> To do: List each line of the data that holds the string "dots", please.

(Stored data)
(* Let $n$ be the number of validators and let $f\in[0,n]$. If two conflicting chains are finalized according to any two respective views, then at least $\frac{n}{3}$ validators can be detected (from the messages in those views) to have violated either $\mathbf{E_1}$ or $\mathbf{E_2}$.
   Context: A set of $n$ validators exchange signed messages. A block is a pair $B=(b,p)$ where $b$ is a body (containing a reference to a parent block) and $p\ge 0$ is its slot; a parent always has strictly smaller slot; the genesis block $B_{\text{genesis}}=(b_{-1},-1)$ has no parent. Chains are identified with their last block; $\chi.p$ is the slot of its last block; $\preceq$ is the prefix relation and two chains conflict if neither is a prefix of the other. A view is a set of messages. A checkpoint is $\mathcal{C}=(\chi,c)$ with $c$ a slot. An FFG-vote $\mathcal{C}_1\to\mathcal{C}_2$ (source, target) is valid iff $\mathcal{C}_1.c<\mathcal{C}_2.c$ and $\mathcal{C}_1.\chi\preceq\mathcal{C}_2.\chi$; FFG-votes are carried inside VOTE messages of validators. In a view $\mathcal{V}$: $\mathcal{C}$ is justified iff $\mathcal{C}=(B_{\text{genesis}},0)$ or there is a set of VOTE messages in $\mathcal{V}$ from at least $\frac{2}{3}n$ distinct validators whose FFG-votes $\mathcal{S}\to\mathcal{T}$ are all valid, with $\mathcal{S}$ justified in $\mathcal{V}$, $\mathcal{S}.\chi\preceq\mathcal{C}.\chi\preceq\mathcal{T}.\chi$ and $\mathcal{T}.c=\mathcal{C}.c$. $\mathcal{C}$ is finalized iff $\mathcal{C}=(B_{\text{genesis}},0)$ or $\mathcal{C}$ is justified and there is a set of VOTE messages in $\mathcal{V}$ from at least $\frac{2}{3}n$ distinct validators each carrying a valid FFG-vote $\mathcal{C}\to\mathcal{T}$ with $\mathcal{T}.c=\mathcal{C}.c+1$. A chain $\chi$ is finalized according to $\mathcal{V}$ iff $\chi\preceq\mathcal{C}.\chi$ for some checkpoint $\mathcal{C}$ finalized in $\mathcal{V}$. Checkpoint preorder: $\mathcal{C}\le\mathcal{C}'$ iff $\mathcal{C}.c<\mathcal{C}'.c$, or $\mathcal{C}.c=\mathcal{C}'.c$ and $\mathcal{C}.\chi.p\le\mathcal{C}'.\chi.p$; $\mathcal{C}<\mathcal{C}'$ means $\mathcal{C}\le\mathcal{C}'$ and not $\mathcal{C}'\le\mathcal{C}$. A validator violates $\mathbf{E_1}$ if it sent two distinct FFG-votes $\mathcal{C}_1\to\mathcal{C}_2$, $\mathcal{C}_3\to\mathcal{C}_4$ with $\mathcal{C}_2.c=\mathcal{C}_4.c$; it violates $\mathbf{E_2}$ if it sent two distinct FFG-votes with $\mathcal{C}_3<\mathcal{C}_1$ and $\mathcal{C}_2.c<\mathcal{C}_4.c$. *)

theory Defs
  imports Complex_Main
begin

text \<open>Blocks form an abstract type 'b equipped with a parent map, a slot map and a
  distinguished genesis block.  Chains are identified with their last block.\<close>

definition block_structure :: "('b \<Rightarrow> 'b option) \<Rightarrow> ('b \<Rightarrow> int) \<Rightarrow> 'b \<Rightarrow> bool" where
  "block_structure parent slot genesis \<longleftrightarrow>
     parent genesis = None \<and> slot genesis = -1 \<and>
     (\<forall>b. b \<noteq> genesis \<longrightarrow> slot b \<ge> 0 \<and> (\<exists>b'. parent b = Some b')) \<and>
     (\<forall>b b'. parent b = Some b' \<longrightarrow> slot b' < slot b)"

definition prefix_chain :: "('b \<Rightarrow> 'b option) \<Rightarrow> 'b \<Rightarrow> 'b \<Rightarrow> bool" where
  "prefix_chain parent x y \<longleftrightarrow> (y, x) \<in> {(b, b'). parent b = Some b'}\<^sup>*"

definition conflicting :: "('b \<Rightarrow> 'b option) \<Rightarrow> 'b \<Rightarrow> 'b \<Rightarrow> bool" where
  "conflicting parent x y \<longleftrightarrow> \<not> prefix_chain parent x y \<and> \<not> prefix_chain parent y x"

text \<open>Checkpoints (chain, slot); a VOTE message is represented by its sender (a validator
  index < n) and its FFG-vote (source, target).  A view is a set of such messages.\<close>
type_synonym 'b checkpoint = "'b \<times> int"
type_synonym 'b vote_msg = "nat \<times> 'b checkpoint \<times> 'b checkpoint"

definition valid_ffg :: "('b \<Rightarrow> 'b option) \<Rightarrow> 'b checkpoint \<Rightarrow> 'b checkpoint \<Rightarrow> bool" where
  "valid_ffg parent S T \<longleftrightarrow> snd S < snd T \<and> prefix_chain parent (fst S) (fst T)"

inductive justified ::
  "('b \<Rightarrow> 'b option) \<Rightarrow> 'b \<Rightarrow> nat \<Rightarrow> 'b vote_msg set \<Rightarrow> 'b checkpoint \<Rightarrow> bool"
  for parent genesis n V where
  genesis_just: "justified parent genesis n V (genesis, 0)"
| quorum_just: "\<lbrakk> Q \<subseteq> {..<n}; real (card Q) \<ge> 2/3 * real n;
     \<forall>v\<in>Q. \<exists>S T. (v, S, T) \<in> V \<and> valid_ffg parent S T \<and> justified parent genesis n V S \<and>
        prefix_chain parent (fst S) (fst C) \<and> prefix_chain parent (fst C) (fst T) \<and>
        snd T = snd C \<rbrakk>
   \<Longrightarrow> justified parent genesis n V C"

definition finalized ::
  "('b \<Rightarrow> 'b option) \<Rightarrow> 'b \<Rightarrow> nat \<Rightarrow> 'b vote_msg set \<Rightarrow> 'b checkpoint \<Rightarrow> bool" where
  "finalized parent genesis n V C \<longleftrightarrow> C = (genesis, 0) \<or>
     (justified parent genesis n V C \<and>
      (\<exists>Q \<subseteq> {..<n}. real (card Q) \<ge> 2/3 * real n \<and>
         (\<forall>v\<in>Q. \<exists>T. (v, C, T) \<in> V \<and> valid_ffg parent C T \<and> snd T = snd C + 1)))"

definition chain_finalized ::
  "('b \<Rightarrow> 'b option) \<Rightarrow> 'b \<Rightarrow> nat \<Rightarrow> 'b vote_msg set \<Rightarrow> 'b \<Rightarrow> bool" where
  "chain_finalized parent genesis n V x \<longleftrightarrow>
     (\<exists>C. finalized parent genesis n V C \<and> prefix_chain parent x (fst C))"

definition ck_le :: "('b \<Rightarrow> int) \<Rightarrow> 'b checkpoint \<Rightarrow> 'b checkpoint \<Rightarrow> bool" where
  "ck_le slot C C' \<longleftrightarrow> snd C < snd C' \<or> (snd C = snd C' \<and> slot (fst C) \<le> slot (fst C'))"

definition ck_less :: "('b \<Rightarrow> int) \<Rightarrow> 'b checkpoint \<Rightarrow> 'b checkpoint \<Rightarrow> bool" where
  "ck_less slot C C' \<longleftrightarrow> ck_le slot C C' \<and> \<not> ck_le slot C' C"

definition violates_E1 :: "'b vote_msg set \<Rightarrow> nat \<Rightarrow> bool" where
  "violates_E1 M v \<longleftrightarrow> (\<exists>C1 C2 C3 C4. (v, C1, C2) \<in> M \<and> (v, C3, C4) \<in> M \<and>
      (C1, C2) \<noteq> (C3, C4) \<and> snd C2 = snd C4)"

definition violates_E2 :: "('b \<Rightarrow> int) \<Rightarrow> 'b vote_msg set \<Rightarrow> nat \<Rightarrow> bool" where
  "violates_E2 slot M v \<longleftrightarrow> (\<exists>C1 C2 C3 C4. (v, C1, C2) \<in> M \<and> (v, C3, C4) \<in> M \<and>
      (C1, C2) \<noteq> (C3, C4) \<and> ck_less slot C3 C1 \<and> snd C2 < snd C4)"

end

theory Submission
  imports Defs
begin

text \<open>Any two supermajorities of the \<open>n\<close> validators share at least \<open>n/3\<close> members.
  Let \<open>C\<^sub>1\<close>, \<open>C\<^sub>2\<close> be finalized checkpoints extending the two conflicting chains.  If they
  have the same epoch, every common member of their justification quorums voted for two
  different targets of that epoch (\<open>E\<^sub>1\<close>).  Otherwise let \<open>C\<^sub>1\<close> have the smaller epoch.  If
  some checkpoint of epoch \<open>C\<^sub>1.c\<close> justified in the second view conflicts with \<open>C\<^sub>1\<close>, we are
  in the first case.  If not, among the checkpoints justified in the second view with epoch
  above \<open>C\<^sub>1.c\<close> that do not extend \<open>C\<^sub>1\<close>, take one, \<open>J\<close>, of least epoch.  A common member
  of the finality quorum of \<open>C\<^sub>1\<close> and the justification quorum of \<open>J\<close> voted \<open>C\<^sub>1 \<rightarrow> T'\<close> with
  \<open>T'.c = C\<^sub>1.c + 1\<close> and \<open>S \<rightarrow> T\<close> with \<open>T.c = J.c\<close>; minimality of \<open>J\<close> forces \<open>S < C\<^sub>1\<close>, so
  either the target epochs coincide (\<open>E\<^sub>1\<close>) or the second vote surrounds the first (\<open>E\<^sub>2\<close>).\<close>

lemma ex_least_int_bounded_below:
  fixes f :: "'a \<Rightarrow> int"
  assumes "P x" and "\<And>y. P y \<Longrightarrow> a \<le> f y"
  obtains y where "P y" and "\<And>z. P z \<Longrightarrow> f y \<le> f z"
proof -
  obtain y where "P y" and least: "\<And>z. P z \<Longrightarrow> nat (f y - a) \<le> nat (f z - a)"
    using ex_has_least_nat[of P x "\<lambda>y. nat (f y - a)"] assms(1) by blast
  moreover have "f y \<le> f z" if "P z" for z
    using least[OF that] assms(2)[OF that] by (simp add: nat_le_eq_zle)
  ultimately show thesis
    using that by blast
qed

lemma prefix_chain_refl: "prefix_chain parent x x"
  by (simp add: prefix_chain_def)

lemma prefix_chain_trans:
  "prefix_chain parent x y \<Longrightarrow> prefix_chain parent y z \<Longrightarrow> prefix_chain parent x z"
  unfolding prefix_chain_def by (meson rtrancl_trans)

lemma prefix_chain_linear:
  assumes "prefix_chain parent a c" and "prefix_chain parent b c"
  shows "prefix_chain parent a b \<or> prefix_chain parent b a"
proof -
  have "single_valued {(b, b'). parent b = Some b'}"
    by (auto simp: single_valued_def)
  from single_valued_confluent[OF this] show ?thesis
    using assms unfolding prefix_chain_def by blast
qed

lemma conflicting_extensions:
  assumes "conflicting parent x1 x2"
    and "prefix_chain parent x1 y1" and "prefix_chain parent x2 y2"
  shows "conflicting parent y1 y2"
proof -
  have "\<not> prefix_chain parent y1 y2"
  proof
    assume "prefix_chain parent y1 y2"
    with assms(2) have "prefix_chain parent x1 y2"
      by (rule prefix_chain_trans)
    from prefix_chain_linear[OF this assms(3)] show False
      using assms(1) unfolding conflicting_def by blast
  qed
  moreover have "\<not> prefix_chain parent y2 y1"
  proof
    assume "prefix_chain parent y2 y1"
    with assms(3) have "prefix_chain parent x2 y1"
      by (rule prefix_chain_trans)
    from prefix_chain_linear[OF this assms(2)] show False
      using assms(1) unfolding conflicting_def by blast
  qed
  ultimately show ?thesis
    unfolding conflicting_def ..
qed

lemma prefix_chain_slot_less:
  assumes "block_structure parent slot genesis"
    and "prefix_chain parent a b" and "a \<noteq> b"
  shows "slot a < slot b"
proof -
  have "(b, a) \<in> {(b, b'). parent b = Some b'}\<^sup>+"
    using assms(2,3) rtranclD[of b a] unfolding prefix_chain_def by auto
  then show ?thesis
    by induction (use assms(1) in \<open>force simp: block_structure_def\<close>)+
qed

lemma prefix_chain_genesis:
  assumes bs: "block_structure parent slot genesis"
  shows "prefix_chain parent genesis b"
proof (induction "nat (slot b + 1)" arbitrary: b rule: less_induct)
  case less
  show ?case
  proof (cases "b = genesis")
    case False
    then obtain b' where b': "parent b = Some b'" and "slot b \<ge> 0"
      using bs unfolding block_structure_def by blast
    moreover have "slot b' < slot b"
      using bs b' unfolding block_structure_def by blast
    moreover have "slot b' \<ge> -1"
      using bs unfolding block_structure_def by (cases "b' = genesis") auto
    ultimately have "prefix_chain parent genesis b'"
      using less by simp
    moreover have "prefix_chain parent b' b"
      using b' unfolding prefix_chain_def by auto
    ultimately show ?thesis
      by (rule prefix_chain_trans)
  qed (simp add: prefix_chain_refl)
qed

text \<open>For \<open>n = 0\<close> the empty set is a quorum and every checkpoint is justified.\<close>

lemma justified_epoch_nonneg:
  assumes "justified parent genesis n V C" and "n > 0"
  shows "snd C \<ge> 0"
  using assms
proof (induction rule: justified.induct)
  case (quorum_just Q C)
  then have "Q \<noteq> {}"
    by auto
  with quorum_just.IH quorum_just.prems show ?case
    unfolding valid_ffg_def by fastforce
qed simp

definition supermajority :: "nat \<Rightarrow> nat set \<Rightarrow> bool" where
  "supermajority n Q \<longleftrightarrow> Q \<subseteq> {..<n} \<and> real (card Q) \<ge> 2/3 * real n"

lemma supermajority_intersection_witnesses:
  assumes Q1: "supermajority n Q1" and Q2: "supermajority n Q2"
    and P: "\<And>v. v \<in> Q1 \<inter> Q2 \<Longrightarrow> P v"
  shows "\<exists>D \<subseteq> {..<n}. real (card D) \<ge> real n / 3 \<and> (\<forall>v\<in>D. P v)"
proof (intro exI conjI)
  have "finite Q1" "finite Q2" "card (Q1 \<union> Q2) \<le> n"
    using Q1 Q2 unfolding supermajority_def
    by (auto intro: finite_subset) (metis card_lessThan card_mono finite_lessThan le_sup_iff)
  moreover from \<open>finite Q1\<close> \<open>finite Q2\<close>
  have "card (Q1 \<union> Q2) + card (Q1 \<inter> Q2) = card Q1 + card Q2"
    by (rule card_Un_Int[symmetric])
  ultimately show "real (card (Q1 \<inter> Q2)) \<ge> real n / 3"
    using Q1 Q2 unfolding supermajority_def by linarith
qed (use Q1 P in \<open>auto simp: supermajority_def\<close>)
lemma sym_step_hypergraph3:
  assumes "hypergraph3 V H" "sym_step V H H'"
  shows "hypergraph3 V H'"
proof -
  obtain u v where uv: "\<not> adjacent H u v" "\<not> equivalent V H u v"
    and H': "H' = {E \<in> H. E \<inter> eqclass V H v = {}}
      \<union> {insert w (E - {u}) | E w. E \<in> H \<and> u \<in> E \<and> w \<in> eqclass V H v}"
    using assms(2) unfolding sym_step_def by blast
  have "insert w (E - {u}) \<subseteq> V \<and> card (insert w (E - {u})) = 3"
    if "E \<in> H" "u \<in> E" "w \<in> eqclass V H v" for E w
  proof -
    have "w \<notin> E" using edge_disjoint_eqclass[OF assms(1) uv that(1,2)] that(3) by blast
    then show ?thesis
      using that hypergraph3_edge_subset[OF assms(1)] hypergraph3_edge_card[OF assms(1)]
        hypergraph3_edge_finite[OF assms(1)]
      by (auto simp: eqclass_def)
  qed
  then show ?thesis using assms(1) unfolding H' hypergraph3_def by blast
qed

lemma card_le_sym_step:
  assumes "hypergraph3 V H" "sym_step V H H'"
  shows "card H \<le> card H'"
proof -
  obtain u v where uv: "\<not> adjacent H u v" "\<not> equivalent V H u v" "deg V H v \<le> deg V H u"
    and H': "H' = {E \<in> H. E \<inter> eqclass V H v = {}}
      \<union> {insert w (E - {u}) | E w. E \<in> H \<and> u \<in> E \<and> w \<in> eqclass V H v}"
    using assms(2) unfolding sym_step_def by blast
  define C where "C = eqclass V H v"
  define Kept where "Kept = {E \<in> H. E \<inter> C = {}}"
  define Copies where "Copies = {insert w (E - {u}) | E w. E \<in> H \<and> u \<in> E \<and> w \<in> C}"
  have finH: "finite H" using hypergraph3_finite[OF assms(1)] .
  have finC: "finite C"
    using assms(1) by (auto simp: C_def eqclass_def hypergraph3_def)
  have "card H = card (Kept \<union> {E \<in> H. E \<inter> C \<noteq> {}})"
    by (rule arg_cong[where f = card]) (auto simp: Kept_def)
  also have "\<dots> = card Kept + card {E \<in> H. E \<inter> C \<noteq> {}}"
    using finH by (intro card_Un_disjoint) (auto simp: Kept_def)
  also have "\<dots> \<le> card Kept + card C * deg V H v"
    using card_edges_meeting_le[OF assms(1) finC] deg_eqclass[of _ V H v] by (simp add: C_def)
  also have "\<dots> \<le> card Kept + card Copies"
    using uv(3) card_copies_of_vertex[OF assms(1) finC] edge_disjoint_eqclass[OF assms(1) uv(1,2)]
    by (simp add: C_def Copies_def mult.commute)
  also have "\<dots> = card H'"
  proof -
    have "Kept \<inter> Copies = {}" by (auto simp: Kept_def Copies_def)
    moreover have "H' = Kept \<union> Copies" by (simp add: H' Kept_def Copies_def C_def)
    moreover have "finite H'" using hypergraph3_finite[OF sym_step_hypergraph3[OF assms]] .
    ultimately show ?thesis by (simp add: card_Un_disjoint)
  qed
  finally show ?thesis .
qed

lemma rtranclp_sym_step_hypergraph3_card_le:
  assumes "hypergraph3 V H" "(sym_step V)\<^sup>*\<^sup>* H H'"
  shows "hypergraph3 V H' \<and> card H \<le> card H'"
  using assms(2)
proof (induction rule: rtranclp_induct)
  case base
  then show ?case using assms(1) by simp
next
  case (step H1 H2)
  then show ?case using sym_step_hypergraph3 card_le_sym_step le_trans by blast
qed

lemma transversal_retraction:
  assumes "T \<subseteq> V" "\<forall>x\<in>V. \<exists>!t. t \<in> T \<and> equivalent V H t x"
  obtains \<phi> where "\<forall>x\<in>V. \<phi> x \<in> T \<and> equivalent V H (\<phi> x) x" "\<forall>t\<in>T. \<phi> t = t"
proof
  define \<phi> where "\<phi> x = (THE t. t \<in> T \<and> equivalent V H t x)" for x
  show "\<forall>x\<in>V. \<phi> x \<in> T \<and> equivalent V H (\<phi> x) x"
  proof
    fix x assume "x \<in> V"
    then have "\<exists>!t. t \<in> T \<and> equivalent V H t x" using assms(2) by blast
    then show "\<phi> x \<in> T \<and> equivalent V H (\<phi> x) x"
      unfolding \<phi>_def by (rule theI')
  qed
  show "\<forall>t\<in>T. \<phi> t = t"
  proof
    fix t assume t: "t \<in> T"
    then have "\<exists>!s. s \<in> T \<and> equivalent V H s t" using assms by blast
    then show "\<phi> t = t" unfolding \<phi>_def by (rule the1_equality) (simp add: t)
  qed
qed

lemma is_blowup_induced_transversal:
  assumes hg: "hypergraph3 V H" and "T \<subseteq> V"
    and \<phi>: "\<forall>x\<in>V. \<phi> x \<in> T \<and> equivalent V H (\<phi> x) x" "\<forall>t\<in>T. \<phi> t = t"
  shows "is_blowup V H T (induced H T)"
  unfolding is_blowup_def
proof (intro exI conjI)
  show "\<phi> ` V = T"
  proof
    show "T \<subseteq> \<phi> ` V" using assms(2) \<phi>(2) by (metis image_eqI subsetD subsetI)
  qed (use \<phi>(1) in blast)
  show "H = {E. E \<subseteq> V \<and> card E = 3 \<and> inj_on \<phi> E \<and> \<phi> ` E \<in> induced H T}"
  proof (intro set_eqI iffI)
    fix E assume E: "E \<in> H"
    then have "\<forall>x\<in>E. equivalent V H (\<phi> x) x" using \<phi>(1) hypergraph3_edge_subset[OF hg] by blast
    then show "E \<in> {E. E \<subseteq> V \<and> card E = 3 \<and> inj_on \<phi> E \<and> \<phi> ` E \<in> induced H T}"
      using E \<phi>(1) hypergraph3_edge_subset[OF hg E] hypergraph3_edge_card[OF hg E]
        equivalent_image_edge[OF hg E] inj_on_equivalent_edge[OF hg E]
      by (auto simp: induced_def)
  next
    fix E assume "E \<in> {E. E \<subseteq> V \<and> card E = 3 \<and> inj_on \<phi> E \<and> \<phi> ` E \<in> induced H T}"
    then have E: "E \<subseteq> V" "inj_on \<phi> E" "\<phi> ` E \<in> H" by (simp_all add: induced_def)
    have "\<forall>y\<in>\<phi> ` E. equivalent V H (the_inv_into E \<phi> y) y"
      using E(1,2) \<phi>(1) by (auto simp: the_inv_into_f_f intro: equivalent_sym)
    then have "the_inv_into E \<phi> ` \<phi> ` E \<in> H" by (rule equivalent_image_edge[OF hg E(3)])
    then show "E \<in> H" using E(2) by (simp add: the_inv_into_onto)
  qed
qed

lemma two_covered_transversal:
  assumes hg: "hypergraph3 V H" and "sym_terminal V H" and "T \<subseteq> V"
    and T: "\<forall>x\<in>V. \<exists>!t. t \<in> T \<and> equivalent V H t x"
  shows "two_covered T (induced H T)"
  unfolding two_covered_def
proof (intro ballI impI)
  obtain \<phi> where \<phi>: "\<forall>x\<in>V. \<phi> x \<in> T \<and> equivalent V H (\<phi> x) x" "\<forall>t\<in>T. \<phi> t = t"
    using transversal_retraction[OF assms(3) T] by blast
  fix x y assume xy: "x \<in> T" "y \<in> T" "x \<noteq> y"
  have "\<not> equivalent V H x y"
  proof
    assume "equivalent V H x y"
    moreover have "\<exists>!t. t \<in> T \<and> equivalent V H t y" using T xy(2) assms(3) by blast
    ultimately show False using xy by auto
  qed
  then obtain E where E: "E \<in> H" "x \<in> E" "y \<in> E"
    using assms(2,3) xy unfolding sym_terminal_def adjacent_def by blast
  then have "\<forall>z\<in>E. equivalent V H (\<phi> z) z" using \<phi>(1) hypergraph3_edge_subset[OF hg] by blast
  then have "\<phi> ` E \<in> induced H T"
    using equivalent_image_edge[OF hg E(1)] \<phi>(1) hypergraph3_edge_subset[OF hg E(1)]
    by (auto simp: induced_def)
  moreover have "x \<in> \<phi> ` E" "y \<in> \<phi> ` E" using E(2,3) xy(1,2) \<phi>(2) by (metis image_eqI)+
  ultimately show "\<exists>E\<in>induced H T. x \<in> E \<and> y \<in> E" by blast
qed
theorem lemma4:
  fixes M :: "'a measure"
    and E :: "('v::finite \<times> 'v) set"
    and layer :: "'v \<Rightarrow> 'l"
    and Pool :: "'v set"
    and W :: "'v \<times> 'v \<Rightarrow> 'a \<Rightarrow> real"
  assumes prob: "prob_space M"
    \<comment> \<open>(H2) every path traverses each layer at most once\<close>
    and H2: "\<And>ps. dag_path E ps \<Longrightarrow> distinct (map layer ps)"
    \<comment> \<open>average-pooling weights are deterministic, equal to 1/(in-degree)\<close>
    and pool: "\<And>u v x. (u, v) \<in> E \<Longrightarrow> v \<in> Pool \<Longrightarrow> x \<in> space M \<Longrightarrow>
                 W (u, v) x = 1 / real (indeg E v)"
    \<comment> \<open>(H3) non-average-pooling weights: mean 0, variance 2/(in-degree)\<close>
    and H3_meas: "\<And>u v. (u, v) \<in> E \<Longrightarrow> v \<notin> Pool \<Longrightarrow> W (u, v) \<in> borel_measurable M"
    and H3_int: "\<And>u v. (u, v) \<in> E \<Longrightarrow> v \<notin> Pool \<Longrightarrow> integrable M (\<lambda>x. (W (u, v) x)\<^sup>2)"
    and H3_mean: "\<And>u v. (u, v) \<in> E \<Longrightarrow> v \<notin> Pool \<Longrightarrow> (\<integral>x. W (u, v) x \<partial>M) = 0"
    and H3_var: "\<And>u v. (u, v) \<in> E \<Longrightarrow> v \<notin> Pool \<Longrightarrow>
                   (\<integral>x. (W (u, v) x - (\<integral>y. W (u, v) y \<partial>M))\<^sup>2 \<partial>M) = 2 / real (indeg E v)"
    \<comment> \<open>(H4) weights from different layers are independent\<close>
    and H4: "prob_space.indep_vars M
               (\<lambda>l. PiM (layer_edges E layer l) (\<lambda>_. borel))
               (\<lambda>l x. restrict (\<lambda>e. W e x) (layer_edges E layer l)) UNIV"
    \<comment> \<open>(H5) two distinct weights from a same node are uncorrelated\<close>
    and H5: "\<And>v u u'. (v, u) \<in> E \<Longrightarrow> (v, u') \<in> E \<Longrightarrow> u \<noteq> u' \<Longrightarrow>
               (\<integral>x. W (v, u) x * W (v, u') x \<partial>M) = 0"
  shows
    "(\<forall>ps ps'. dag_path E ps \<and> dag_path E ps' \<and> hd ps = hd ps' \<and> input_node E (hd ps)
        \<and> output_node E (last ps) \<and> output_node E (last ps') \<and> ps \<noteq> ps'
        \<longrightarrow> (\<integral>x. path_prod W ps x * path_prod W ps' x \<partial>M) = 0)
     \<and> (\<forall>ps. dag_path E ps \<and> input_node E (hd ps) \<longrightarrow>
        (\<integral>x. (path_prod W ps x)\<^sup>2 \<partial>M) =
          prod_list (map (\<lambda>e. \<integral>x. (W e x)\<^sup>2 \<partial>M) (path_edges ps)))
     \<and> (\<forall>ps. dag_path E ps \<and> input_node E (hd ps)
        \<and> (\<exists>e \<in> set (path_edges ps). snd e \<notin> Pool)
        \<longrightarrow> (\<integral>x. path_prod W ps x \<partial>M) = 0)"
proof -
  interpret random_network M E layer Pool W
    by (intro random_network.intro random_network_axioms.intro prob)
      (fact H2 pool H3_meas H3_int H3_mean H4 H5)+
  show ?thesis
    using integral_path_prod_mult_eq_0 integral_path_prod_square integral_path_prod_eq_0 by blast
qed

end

> Finished task:
  also have "\<dots> = card Kept + card {E \<in> H. E \<inter> C \<noteq> {}}"
  also have "\<dots> \<le> card Kept + card C * deg V H v"
  also have "\<dots> \<le> card Kept + card Copies"
  also have "\<dots> = card H'"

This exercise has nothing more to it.